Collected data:
--- --- ---

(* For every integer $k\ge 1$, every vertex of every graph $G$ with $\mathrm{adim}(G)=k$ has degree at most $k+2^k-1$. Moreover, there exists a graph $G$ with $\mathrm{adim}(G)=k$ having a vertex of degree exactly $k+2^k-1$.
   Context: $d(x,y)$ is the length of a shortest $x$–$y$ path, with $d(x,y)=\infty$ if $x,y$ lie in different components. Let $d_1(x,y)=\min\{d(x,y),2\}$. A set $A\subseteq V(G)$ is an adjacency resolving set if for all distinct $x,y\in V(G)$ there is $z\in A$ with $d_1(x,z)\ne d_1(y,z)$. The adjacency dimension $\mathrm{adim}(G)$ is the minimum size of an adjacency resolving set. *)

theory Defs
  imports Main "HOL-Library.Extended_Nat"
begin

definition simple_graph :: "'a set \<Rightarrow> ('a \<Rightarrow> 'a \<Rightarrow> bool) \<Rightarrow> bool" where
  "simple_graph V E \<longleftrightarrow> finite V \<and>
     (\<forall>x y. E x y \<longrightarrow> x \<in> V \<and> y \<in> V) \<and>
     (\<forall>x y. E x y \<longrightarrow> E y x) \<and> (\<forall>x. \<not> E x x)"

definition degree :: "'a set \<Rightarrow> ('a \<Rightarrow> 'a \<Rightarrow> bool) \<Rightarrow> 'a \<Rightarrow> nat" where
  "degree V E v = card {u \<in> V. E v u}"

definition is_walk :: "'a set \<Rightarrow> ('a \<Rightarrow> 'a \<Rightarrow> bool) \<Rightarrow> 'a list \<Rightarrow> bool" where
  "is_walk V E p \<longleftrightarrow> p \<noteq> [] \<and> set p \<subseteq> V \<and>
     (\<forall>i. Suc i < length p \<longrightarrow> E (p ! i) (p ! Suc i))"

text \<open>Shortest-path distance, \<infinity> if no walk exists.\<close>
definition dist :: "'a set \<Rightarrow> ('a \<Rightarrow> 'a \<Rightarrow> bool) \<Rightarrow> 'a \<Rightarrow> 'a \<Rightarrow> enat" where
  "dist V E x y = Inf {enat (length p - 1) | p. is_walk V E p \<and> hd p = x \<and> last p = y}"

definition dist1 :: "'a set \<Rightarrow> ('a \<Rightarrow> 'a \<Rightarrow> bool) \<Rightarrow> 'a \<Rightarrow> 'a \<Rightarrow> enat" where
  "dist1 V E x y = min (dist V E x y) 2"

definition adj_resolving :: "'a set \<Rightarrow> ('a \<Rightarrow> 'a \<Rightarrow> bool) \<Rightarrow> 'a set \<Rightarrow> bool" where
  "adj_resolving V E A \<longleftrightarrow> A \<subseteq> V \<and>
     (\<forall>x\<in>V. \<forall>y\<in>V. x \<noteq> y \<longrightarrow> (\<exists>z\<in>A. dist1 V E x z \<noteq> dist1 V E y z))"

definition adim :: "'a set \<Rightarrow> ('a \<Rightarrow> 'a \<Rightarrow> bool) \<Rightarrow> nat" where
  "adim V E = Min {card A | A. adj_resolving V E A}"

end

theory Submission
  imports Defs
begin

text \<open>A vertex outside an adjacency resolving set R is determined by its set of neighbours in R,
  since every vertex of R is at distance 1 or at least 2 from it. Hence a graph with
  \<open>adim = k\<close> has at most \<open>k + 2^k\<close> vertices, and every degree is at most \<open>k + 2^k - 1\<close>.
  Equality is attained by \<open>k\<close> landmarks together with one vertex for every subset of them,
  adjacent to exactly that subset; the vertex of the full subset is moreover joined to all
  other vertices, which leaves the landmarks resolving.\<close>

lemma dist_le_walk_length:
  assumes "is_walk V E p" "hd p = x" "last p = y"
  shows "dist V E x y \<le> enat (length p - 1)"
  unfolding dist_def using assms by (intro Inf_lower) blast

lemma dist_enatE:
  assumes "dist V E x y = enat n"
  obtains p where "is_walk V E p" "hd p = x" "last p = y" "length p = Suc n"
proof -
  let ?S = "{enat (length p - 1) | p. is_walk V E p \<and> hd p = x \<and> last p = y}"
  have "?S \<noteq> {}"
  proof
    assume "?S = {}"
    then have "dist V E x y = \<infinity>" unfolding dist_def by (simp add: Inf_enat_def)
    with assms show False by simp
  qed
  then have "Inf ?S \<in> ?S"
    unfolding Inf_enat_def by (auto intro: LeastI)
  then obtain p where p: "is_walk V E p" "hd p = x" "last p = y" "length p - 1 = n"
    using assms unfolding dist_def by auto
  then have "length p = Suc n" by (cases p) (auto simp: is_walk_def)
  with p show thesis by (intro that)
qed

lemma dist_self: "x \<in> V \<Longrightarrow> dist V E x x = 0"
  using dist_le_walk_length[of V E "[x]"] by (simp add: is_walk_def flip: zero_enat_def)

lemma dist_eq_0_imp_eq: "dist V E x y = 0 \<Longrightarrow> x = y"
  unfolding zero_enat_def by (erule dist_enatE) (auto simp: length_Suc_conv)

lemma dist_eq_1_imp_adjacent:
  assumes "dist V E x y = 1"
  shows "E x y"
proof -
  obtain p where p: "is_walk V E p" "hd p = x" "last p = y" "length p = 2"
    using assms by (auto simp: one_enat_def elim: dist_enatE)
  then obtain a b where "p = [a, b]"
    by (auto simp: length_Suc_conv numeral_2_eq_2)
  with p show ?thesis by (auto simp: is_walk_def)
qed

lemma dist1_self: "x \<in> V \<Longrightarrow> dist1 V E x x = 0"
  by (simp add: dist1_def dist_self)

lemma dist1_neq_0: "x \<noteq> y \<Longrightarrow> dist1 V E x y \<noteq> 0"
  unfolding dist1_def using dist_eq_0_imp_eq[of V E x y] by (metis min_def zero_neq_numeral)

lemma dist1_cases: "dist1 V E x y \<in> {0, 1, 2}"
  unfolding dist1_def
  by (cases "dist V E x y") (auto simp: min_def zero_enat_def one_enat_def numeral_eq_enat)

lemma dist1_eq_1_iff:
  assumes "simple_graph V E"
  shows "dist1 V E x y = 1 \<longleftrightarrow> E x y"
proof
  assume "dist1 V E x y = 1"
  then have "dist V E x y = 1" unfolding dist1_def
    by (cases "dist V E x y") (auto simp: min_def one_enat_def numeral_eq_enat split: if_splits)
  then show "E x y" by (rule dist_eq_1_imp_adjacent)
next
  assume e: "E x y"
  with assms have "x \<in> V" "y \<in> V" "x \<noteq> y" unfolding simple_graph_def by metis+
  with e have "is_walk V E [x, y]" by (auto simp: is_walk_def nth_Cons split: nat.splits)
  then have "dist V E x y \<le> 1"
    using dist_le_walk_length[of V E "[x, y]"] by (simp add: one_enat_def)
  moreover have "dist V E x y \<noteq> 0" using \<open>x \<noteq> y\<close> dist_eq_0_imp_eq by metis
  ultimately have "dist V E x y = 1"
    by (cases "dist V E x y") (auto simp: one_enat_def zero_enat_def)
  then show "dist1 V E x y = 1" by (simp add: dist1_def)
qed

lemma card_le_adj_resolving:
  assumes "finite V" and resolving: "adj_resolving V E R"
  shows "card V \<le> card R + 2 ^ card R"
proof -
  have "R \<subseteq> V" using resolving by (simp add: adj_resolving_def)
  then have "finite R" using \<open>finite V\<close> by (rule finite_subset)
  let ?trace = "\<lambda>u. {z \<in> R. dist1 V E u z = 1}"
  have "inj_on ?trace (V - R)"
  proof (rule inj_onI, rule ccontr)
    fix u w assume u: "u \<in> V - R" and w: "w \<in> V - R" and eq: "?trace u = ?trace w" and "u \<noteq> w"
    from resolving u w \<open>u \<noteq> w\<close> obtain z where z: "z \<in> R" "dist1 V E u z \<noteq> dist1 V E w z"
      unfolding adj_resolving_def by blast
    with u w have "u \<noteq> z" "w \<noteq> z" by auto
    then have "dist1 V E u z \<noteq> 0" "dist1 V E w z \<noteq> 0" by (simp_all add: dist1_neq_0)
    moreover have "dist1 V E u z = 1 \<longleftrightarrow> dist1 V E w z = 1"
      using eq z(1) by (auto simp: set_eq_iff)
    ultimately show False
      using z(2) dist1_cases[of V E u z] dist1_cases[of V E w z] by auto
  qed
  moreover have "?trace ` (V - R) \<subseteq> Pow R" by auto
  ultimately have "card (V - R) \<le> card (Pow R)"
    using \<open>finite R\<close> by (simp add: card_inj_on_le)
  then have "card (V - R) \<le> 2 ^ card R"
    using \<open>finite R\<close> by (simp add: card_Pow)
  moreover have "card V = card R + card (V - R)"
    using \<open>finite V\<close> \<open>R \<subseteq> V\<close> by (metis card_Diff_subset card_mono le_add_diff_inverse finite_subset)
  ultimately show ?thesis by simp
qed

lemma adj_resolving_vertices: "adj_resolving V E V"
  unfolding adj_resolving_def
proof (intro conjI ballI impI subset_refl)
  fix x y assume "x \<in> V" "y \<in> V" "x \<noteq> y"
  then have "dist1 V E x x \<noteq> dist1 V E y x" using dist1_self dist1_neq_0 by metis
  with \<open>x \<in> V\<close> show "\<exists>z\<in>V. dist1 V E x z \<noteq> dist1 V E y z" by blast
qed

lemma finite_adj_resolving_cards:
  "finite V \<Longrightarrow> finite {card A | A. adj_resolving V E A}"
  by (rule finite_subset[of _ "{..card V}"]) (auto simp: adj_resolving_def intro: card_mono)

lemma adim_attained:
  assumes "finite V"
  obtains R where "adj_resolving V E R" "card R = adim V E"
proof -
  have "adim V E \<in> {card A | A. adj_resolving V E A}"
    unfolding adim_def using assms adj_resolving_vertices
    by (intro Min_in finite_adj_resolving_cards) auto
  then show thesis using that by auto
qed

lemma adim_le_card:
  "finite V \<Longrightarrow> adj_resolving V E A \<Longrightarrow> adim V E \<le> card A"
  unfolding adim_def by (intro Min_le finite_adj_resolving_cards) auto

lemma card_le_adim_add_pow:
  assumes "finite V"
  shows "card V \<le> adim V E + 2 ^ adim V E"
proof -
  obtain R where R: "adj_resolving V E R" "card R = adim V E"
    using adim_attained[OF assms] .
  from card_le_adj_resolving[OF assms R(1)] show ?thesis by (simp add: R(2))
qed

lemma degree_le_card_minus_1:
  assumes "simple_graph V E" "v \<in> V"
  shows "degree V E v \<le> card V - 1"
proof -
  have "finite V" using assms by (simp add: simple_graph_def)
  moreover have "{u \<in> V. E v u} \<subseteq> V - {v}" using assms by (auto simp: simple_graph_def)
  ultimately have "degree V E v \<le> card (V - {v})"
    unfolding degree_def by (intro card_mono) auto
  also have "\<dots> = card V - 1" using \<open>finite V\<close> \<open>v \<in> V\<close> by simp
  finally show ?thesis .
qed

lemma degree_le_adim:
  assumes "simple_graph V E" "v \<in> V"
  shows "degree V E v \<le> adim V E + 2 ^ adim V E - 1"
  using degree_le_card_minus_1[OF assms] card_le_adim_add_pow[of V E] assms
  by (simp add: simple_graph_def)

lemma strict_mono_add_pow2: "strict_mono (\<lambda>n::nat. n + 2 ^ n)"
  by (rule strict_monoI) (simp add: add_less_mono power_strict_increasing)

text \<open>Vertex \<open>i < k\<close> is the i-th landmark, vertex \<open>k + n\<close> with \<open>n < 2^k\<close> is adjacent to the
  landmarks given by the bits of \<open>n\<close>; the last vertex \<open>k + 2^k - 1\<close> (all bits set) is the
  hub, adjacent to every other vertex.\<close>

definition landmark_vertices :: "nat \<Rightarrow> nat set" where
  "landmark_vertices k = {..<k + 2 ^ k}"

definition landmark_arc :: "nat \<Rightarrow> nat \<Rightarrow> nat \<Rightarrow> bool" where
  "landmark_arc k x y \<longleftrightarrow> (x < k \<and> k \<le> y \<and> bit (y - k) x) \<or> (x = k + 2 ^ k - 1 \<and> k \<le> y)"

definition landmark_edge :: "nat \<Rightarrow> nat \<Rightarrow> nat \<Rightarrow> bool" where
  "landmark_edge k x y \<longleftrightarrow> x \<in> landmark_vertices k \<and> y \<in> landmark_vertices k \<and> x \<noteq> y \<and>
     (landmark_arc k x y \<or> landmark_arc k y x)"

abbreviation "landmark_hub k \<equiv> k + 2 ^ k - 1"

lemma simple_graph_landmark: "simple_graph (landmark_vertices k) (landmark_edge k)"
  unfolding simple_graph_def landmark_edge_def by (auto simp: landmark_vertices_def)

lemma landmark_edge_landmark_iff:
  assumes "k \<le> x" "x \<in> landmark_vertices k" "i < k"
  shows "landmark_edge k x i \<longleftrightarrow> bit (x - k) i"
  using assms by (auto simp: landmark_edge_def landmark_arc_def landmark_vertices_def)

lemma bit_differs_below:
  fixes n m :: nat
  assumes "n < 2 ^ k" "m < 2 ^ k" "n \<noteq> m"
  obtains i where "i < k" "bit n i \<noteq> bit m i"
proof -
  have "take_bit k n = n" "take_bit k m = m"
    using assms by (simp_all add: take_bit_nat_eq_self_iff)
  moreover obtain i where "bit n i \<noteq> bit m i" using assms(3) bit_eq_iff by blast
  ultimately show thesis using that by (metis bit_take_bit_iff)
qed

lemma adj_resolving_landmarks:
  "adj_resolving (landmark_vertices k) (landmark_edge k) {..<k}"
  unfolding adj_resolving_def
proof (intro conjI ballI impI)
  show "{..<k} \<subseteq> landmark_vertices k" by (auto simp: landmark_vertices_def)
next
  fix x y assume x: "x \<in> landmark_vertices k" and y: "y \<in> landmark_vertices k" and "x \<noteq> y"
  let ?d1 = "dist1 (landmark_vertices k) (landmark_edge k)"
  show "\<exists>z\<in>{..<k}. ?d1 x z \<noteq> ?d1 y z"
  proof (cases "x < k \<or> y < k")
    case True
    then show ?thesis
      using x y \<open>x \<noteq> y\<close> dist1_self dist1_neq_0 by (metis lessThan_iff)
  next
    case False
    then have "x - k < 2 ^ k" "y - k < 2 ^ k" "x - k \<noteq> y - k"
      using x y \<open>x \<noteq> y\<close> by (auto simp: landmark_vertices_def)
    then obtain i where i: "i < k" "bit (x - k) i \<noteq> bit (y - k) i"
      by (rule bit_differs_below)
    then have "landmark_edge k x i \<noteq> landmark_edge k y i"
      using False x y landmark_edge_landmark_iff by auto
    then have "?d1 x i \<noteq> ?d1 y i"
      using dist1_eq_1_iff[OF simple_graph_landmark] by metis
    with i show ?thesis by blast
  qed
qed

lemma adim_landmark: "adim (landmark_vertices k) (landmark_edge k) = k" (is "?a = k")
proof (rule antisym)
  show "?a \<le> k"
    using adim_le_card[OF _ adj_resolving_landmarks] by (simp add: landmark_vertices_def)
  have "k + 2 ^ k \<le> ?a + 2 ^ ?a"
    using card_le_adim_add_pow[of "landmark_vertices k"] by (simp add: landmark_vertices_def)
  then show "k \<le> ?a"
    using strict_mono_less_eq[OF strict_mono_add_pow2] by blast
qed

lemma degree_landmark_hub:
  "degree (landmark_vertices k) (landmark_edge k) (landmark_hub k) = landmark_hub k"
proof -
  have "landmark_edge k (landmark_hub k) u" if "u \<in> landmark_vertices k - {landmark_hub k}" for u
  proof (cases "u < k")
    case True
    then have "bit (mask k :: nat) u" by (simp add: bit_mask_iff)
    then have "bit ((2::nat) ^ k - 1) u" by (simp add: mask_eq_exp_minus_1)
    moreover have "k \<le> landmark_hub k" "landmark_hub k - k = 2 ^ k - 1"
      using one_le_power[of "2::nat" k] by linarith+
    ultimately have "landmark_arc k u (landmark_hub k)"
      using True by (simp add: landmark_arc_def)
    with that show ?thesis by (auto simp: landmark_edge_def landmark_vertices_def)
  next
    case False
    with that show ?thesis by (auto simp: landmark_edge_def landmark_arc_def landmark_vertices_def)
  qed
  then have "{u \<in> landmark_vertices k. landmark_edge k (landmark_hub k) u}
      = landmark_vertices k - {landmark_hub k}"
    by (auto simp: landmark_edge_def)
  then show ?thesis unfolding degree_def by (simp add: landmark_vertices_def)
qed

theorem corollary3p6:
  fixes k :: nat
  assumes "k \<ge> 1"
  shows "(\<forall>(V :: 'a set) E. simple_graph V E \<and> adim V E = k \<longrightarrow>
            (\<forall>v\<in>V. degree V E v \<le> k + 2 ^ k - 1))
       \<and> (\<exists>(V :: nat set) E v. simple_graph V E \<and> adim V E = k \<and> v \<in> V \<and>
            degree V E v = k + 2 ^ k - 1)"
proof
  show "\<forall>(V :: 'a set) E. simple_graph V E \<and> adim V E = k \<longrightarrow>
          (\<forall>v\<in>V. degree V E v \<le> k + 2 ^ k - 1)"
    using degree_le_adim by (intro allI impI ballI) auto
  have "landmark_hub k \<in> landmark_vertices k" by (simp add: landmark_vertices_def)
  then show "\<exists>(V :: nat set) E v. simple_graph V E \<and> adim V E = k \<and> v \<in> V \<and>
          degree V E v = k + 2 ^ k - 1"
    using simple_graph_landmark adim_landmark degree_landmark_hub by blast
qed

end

--- --- ---

TASK BRIEF
Retype the records above, but only those lines that fall between the line containing "using \<open>finite R\<close> by (simp add: card_Pow)" and the line containing "unfolding degree_def by (intro", with both of those lines included, exactly as written.

ANSWER BELOW
    using \<open>finite R\<close> by (simp add: card_Pow)
  moreover have "card V = card R + card (V - R)"
    using \<open>finite V\<close> \<open>R \<subseteq> V\<close> by (metis card_Diff_subset card_mono le_add_diff_inverse finite_subset)
  ultimately show ?thesis by simp
qed

lemma adj_resolving_vertices: "adj_resolving V E V"
  unfolding adj_resolving_def
proof (intro conjI ballI impI subset_refl)
  fix x y assume "x \<in> V" "y \<in> V" "x \<noteq> y"
  then have "dist1 V E x x \<noteq> dist1 V E y x" using dist1_self dist1_neq_0 by metis
  with \<open>x \<in> V\<close> show "\<exists>z\<in>V. dist1 V E x z \<noteq> dist1 V E y z" by blast
qed

lemma finite_adj_resolving_cards:
  "finite V \<Longrightarrow> finite {card A | A. adj_resolving V E A}"
  by (rule finite_subset[of _ "{..card V}"]) (auto simp: adj_resolving_def intro: card_mono)

lemma adim_attained:
  assumes "finite V"
  obtains R where "adj_resolving V E R" "card R = adim V E"
proof -
  have "adim V E \<in> {card A | A. adj_resolving V E A}"
    unfolding adim_def using assms adj_resolving_vertices
    by (intro Min_in finite_adj_resolving_cards) auto
  then show thesis using that by auto
qed

lemma adim_le_card:
  "finite V \<Longrightarrow> adj_resolving V E A \<Longrightarrow> adim V E \<le> card A"
  unfolding adim_def by (intro Min_le finite_adj_resolving_cards) auto

lemma card_le_adim_add_pow:
  assumes "finite V"
  shows "card V \<le> adim V E + 2 ^ adim V E"
proof -
  obtain R where R: "adj_resolving V E R" "card R = adim V E"
    using adim_attained[OF assms] .
  from card_le_adj_resolving[OF assms R(1)] show ?thesis by (simp add: R(2))
qed

lemma degree_le_card_minus_1:
  assumes "simple_graph V E" "v \<in> V"
  shows "degree V E v \<le> card V - 1"
proof -
  have "finite V" using assms by (simp add: simple_graph_def)
  moreover have "{u \<in> V. E v u} \<subseteq> V - {v}" using assms by (auto simp: simple_graph_def)
  ultimately have "degree V E v \<le> card (V - {v})"
    unfolding degree_def by (intro card_mono) auto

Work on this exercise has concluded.